Vikas Kumar, a college student from near Patriatu in Jharkhand, made an unsuccessful attempt to ride his motorcycle through the blockade at Nagri. “Today [Monday] is the last date to submit my MBA admission form,” he pleaded with the adivasi children half his height who stood in the way with sticks in their hands. “Show us proof,” demanded Nishant Topo, a student of Class VII from a village school nearby.

Nagri, a tribal village 15 km north of Ranchi, has been on the boil since this past July. On Monday the tribals declared an eight-hour bandh and blocked the roads in protest against the government acquisition of 227 acres of these paddy farmers’ land to build the Ranchi campuses of the elite Indian Institute of Management, Indian Institute of Information Technology and the National University of Study & Research in Law (NUSRL).

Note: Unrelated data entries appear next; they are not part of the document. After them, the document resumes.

(* Let $i\in[n]$, let $S^\ast\subseteq[n]\setminus\{i\}$, and let $\mathcal{G}$ be a DAG on $[n]$ such that the induced subgraph $\mathcal{G}|_{S^\ast}$ has no edges. Let $\mathcal{H}$ be the graph identical to $\mathcal{G}$ but with all the edges $j\to i$ for $j\in S^\ast$. If $\mathcal{H}$ is a DAG, then $\operatorname{conv}(c_\mathcal{G},c_\mathcal{H})$ is an edge of $\mathrm{CIM}_n$.
   Context: For a directed acyclic graph (DAG) $\mathcal{G}$ on vertex set $[n]=\{1,\dots,n\}$, the characteristic imset $c_\mathcal{G}$ is the 0/1-vector indexed by the subsets $S\subseteq[n]$ with $|S|\geq 2$, with $c_\mathcal{G}(S)=1$ if there exists $i\in S$ such that $S\subseteq \mathrm{pa}_\mathcal{G}(i)\cup\{i\}$ (where $\mathrm{pa}_\mathcal{G}(i)$ is the set of parents of $i$), and $c_\mathcal{G}(S)=0$ otherwise. The characteristic imset polytope is $\mathrm{CIM}_n=\operatorname{conv}(c_\mathcal{G}\colon \mathcal{G}\text{ a DAG on }[n])$. *)

theory Defs
  imports "HOL-Analysis.Analysis"
begin

text \<open>The vertex set [n] is represented by a finite type 'n (n = CARD('n)).
  A directed graph is an edge relation E :: ('n \<times> 'n) set, (j,i) \<in> E meaning j \<rightarrow> i.\<close>

definition is_dag :: "('n \<times> 'n) set \<Rightarrow> bool" where
  "is_dag E \<longleftrightarrow> acyclic E"

definition pa :: "('n \<times> 'n) set \<Rightarrow> 'n \<Rightarrow> 'n set" where
  "pa E i = {j. (j, i) \<in> E}"

text \<open>Coordinates are indexed by all subsets of [n]; the coordinates
  with card S < 2 (not part of the paper's vector) are fixed to 0, an injective affine
  embedding of the paper's space which preserves the face structure.\<close>
definition char_imset :: "('n::finite \<times> 'n) set \<Rightarrow> real ^ ('n set)" where
  "char_imset E = (\<chi> S. if 2 \<le> card S \<and> (\<exists>i\<in>S. S \<subseteq> pa E i \<union> {i}) then 1 else 0)"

At 7 a.m., Topo, his school friends Abhishek Oraon and Chandan Oraon, and a dozen other children ranging in age from six to ten years began taking turns with their parents to enforce an eight-hour road blockade to protest acquisition of their farmland. “ Sarkar ko taqleef milega [This will inconvenience the Government],” said Topo (11). Three hours later, the police broke the blockade and detained eight persons.

The Government claims it acquired the land from them in 1957-58 to build an extension to Birsa Agricultural University. However, villagers say they first heard of any such proposal only last year – that, too, when they went to local officials to enquire why they were not being compensated for the 13 acres on which the Government had built an extension to the Ranchi Ring Road.

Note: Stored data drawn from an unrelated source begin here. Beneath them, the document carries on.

(* Let $O,A,B$ be three pairwise distinct points of the plane, $\vec\alpha=\overrightarrow{AO}/OA$, $\vec\beta=\overrightarrow{OB}/OB$, with oriented angle $\Omega=(\widehat{\vec\alpha,\vec\beta})\in\,]0,\pi[$. Let $p\ge2$, $\theta_0=\Omega/p$, and let $\mathcal{E}_p$ be the set of curves in $\mathcal{E}$ consisting of $p$ consecutive arcs of circle of radii $R_0,\dots,R_{p-1}>0$, each turning counterclockwise by the angle $\theta_0$, starting at $A$ with tangent $\vec\alpha$; identify such a curve with $R=(R_0,\dots,R_{p-1})\in(\mathbb{R}_+^* )^p$, so that $\mathcal{E}_p=\{R\in(\mathbb{R}_+^* )^p:\mathcal{A}R=\mathcal{B}\}$ with $\mathcal{A},\mathcal{B}$ as in the context. If $\mathcal{E}_p$ is nonempty, then there exists $X\in\mathcal{E}_p$ minimizing the maximum of the curvature: $$\big\|\,\|X''\|\,\big\|_{L^\infty(0,L(X))}=\min_{Z\in\mathcal{E}_p}\big\|\,\|Z''\|\,\big\|_{L^\infty(0,L(Z))}.$$ Setting $F(X)=\min_{1\le k\le p}X_k$ for $X=(X_1,\dots,X_p)\in\mathbb{R}_+^p$, this problem is equivalent to $$F(X)=\max_{Z\in(\mathbb{R}_+^* )^p,\ \mathcal{A}Z=\mathcal{B}}F(Z),$$ which admits a solution as soon as there exists $X^0\in(\mathbb{R}_+^* )^p$ with $\mathcal{A}X^0=\mathcal{B}$.
   Context: $\mathcal{E}$ is the set of curves $X:[0,L]\to\mathbb{R}^2$ ($L>0$), $X\in W^{2,\infty}(0,L;\mathbb{R}^2)$, with $\|X'(s)\|=1$, $X(0)=A$, $X(L)=B$, $X'(0)=\vec\alpha$, $X'(L)=\vec\beta$, and nondecreasing continuous angle $\phi(s)=(\widehat{\vec\alpha,X'(s)})$. Identifying the plane with $\mathbb{C}$ via the orthonormal frame with origin $A$ and first axis $\vec\alpha$, with $b$ the affix of $B$: $\mathcal{A}\in\mathcal{M}_{2,p}(\mathbb{R})$ has entries $\mathcal{A}_{1,k}=\operatorname{Re}(i(1-e^{i\theta_0})e^{i(k-1)\theta_0})$, $\mathcal{A}_{2,k}=\operatorname{Im}(i(1-e^{i\theta_0})e^{i(k-1)\theta_0})$, and $\mathcal{B}=(\operatorname{Re}b,\operatorname{Im}b)^T$. $\|\,\|X''\|\,\|_{L^\infty}$ is the essential supremum of $\|X''\|$. *)

theory Defs
  imports "HOL-Analysis.Analysis" "HOL-Probability.Essential_Supremum"
begin

text \<open>Frame: origin A, first axis the unit vector alpha (a unit complex number).
  A point P of the plane has affix (P - A) / alpha in this frame.\<close>

definition unit_dir :: "complex \<Rightarrow> complex \<Rightarrow> complex" where
  "unit_dir P Q = (Q - P) / complex_of_real (cmod (Q - P))"

text \<open>Column k (0-based; column k+1 of the paper) of the matrix A, as a complex number:
  its real part is the first row entry, its imaginary part the second row entry.\<close>
definition colA :: "real \<Rightarrow> nat \<Rightarrow> complex" where
  "colA \<theta>0 k = \<i> * (1 - exp (\<i> * of_real \<theta>0)) * exp (\<i> * of_real (real k * \<theta>0))"

definition Ep :: "nat \<Rightarrow> real \<Rightarrow> complex \<Rightarrow> (nat \<Rightarrow> real) set" where
  "Ep p \<theta>0 b = {R. (\<forall>k<p. 0 < R k)
      \<and> (\<Sum>k<p. R k * Re (colA \<theta>0 k)) = Re b
      \<and> (\<Sum>k<p. R k * Im (colA \<theta>0 k)) = Im b}"

definition arcs_len :: "nat \<Rightarrow> real \<Rightarrow> (nat \<Rightarrow> real) \<Rightarrow> real" where
  "arcs_len p \<theta>0 R = \<theta>0 * (\<Sum>k<p. R k)"

text \<open>Arc-length parametrisation, in frame coordinates, of the curve made of p consecutive
  counterclockwise arcs of radii R k turning by theta0, starting at 0 with tangent 1.
  At arc length s, the k-th arc has turned by the clipped angle
  max 0 (min theta0 ((s - theta0 * sum_{j<k} R j) / R k)).\<close>
definition arcs_frame :: "nat \<Rightarrow> real \<Rightarrow> (nat \<Rightarrow> real) \<Rightarrow> real \<Rightarrow> complex" where
  "arcs_frame p \<theta>0 R s = (\<Sum>k<p.
      complex_of_real (R k) * (- \<i>) *
        (exp (\<i> * of_real (real k * \<theta>0
                + max 0 (min \<theta>0 ((s - \<theta>0 * (\<Sum>j<k. R j)) / R k))))
         - exp (\<i> * of_real (real k * \<theta>0))))"

definition arcs_curve :: "complex \<Rightarrow> complex \<Rightarrow> nat \<Rightarrow> real \<Rightarrow> (nat \<Rightarrow> real) \<Rightarrow> real \<Rightarrow> complex" where
  "arcs_curve A \<alpha> p \<theta>0 R s = A + \<alpha> * arcs_frame p \<theta>0 R s"

definition Linf_curv :: "real \<Rightarrow> (real \<Rightarrow> complex) \<Rightarrow> ereal" where
  "Linf_curv L X = esssup (lebesgue_on {0..L})
     (\<lambda>s. ereal (norm (vector_derivative (\<lambda>t. vector_derivative X (at t)) (at s))))"

definition Fmin :: "nat \<Rightarrow> (nat \<Rightarrow> real) \<Rightarrow> real" where
  "Fmin p R = Min (R ` {..<p})"

end

theory Submission
  imports Defs
begin

(* On its k-th arc the curve is a circle of radius R k run through at unit speed, so away from
   the p + 1 junction points |X''| equals 1 / R k; the essential supremum ignores the junctions
   and equals max_k 1 / R k = 1 / F(R). Minimising the maximal curvature over E_p is therefore
   the same as maximising F.
   Since (k + 1) theta0 <= Omega < pi, the second row of the matrix A has positive entries, so
   the constraint A R = B bounds every R k. F is continuous and attains its maximum on the
   compact set of nonnegative solutions; as the maximum is at least F(X0) > 0, the maximiser
   has positive entries and lies in E_p. *)

lemma Fmin_le: "k < p \<Longrightarrow> Fmin p R \<le> R k"
  by (auto simp: Fmin_def)

lemma Fmin_in_image: "0 < p \<Longrightarrow> Fmin p R \<in> R ` {..<p}"
  unfolding Fmin_def by (intro Min_in) auto

lemma Fmin_pos: "0 < p \<Longrightarrow> \<forall>k<p. 0 < R k \<Longrightarrow> 0 < Fmin p R"
  using Fmin_in_image[of p R] by auto

lemma Fmin_cong: "(\<And>k. k < p \<Longrightarrow> R k = R' k) \<Longrightarrow> Fmin p R = Fmin p R'"
  unfolding Fmin_def by (metis image_cong lessThan_iff)

lemma continuous_on_Fmin: "0 < p \<Longrightarrow> continuous_on UNIV (Fmin p)"
proof (induction p rule: nat_induct_non_zero)
  case 1
  then show ?case by (simp add: Fmin_def lessThan_Suc)
next
  case (Suc n)
  have "Fmin (Suc n) = (\<lambda>R. min (R n) (Fmin n R))"
    using Suc by (auto simp: Fmin_def lessThan_Suc intro!: ext Min_insert)
  then show ?case using Suc by (auto intro!: continuous_intros)
qed

lemma Max_reciprocal_eq_reciprocal_Fmin:
  assumes "0 < p" and "\<forall>k<p. 0 < R k"
  shows "Max ((\<lambda>k. 1 / R k) ` {..<p}) = 1 / Fmin p R"
proof (rule Max_eqI)
  obtain k0 where "k0 < p" "Fmin p R = R k0"
    using Fmin_in_image[OF assms(1), of R] by blast
  then show "1 / Fmin p R \<in> (\<lambda>k. 1 / R k) ` {..<p}"
    by simp
  show "y \<le> 1 / Fmin p R" if y: "y \<in> (\<lambda>k. 1 / R k) ` {..<p}" for y
  proof -
    obtain k where k: "k < p" "y = 1 / R k"
      using y by blast
    show ?thesis
      unfolding k(2) by (rule frac_le) (use Fmin_le[OF k(1)] Fmin_pos[OF assms] in auto)
  qed
qed simp

definition positive_solutions :: "nat \<Rightarrow> (nat \<Rightarrow> complex) \<Rightarrow> complex \<Rightarrow> (nat \<Rightarrow> real) set" where
  "positive_solutions p c b = {R. (\<forall>k<p. 0 < R k) \<and> (\<Sum>k<p. of_real (R k) * c k) = b}"

lemma Ep_eq_positive_solutions: "Ep p \<theta>0 b = positive_solutions p (colA \<theta>0) b"
  by (auto simp: Ep_def positive_solutions_def complex_eq_iff)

A Right to Information application revealed that of the 153 families to whom the Government had offered a total compensation of Rs.1,55,147 in 1957, only 25 took it at a rate of Rs.2,700 per acre. The rest refused to give up their land. “Government papers show that they took the land under clause 17 (4) of the Land Acquisition Act, which is for situations of urgency such as a railway line or an airport. If it was an emergency, why has it taken the Government 50 years to start work? There is 1,900-acre wasteland nearby in Kanke. Why can’t the Government use that instead?” asks tribal activist Dayamani Barla.

Nagri’s farmers grow paddy, wheat, gram, vegetables and keep cattle. “One acre yields over 80 mann [over 3,200 kg)] of paddy, which is enough food and fodder to last us two years. This land is enough to sustain our generations and pay for our children’s education,” said Parveen Topa Oraon.

“If Nagri land goes, tomorrow ours will go too. This Government is forcefully taking everyone’s land in the name of a new Ranchi, greater Ranchi,” said Gunni Oraon from Chaura Toli village, one of 35 villages that support Nagri’s protest.

From March to June, the villagers sat on a peaceful protest in their fields. In July, when the Government started building a boundary wall on the proposed campuses they demolished the wall and fought the police with sticks and catapults. Last month, former Chief Minister Babulal Marandi of Jharkhand Vikas Morcha (Prajatantrik) led a protest in which thousands tried to cross the police barricade outside the State Assembly, leading to the death of one person.

The issue has continuously escalated and become a symbol of Jharkhand’s people resistance to large-scale land acquisition even as the High Court ruled in favour of the Government. The Supreme Court turned down Nagri villagers’ appeal in June.

“The Chief Justice of the High Court is also the Chancellor of NUSRL. This is a conflict of interest,” alleged Jharkhand Human Rights Movement general secretary Gladson Dungdung .

The Arjun Munda government has since set up a five-member committee to look into the issue. “The families flatly refused to take compensation. We have included that in our report. It is now with the Chief Minister’s Office,” said Revenue Minister Mathura Prasad Mahto, who headed the committee. The report may be presented before the High Court this Wednesday.